**Action item**
From the listing below, select every line where the word "kappa" appears.

- Opening Delimiter -

(* Let $\theta$ and $\rho$ be regular infinite cardinals with $\theta < \rho < \kappa$, and let $K$ be a $\kappa$-complete ideal on $\kappa$ with $NS_\kappa|E^\kappa_\theta \subseteq K$. Then there are $c_\alpha \subseteq E^\kappa_{\geq\rho} \cap \alpha$ with $\sup c_\alpha = \alpha$, for $\alpha \in E^\kappa_\theta \cap acc(E^\kappa_{\geq\rho})$, such that $\{\alpha \in E^\kappa_\theta \cap acc(E^\kappa_{\geq\rho}) : c_\alpha \subseteq C\} \in K^+$ for every closed unbounded subset $C$ of $\kappa$.
   Context: $\kappa$ is a regular uncountable cardinal. An ideal on $\kappa$ is a nonempty $K \subseteq P(\kappa)$ with $\kappa \notin K$, every bounded subset of $\kappa$ in $K$, $K$ closed under subsets and under unions of two members; $K^+ = P(\kappa)\setminus K$; $\kappa$-complete means closed under unions of fewer than $\kappa$ members. For $A \subseteq \kappa$, $acc(A) = \{\alpha \in \kappa\setminus\{0\} : \sup(A\cap\alpha) = \alpha\}$. $E^\kappa_\theta = \{\alpha \in acc(\kappa) : \mathrm{cf}(\alpha) = \theta\}$, $E^\kappa_{\geq\rho} = \{\alpha \in acc(\kappa) : \mathrm{cf}(\alpha) \geq \rho\}$. $NS_\kappa|E^\kappa_\theta = \{B \subseteq \kappa : B \cap E^\kappa_\theta \text{ is nonstationary}\}$. *)

theory Defs
  imports Main "HOL-Library.Countable_Set"
begin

- Closing Delimiter -

**Written answer**
(* Let $\theta$ and $\rho$ be regular infinite cardinals with $\theta < \rho < \kappa$, and let $K$ be a $\kappa$-complete ideal on $\kappa$ with $NS_\kappa|E^\kappa_\theta \subseteq K$. Then there are $c_\alpha \subseteq E^\kappa_{\geq\rho} \cap \alpha$ with $\sup c_\alpha = \alpha$, for $\alpha \in E^\kappa_\theta \cap acc(E^\kappa_{\geq\rho})$, such that $\{\alpha \in E^\kappa_\theta \cap acc(E^\kappa_{\geq\rho}) : c_\alpha \subseteq C\} \in K^+$ for every closed unbounded subset $C$ of $\kappa$.
   Context: $\kappa$ is a regular uncountable cardinal. An ideal on $\kappa$ is a nonempty $K \subseteq P(\kappa)$ with $\kappa \notin K$, every bounded subset of $\kappa$ in $K$, $K$ closed under subsets and under unions of two members; $K^+ = P(\kappa)\setminus K$; $\kappa$-complete means closed under unions of fewer than $\kappa$ members. For $A \subseteq \kappa$, $acc(A) = \{\alpha \in \kappa\setminus\{0\} : \sup(A\cap\alpha) = \alpha\}$. $E^\kappa_\theta = \{\alpha \in acc(\kappa) : \mathrm{cf}(\alpha) = \theta\}$, $E^\kappa_{\geq\rho} = \{\alpha \in acc(\kappa) : \mathrm{cf}(\alpha) \geq \rho\}$. $NS_\kappa|E^\kappa_\theta = \{B \subseteq \kappa : B \cap E^\kappa_\theta \text{ is nonstationary}\}$. *)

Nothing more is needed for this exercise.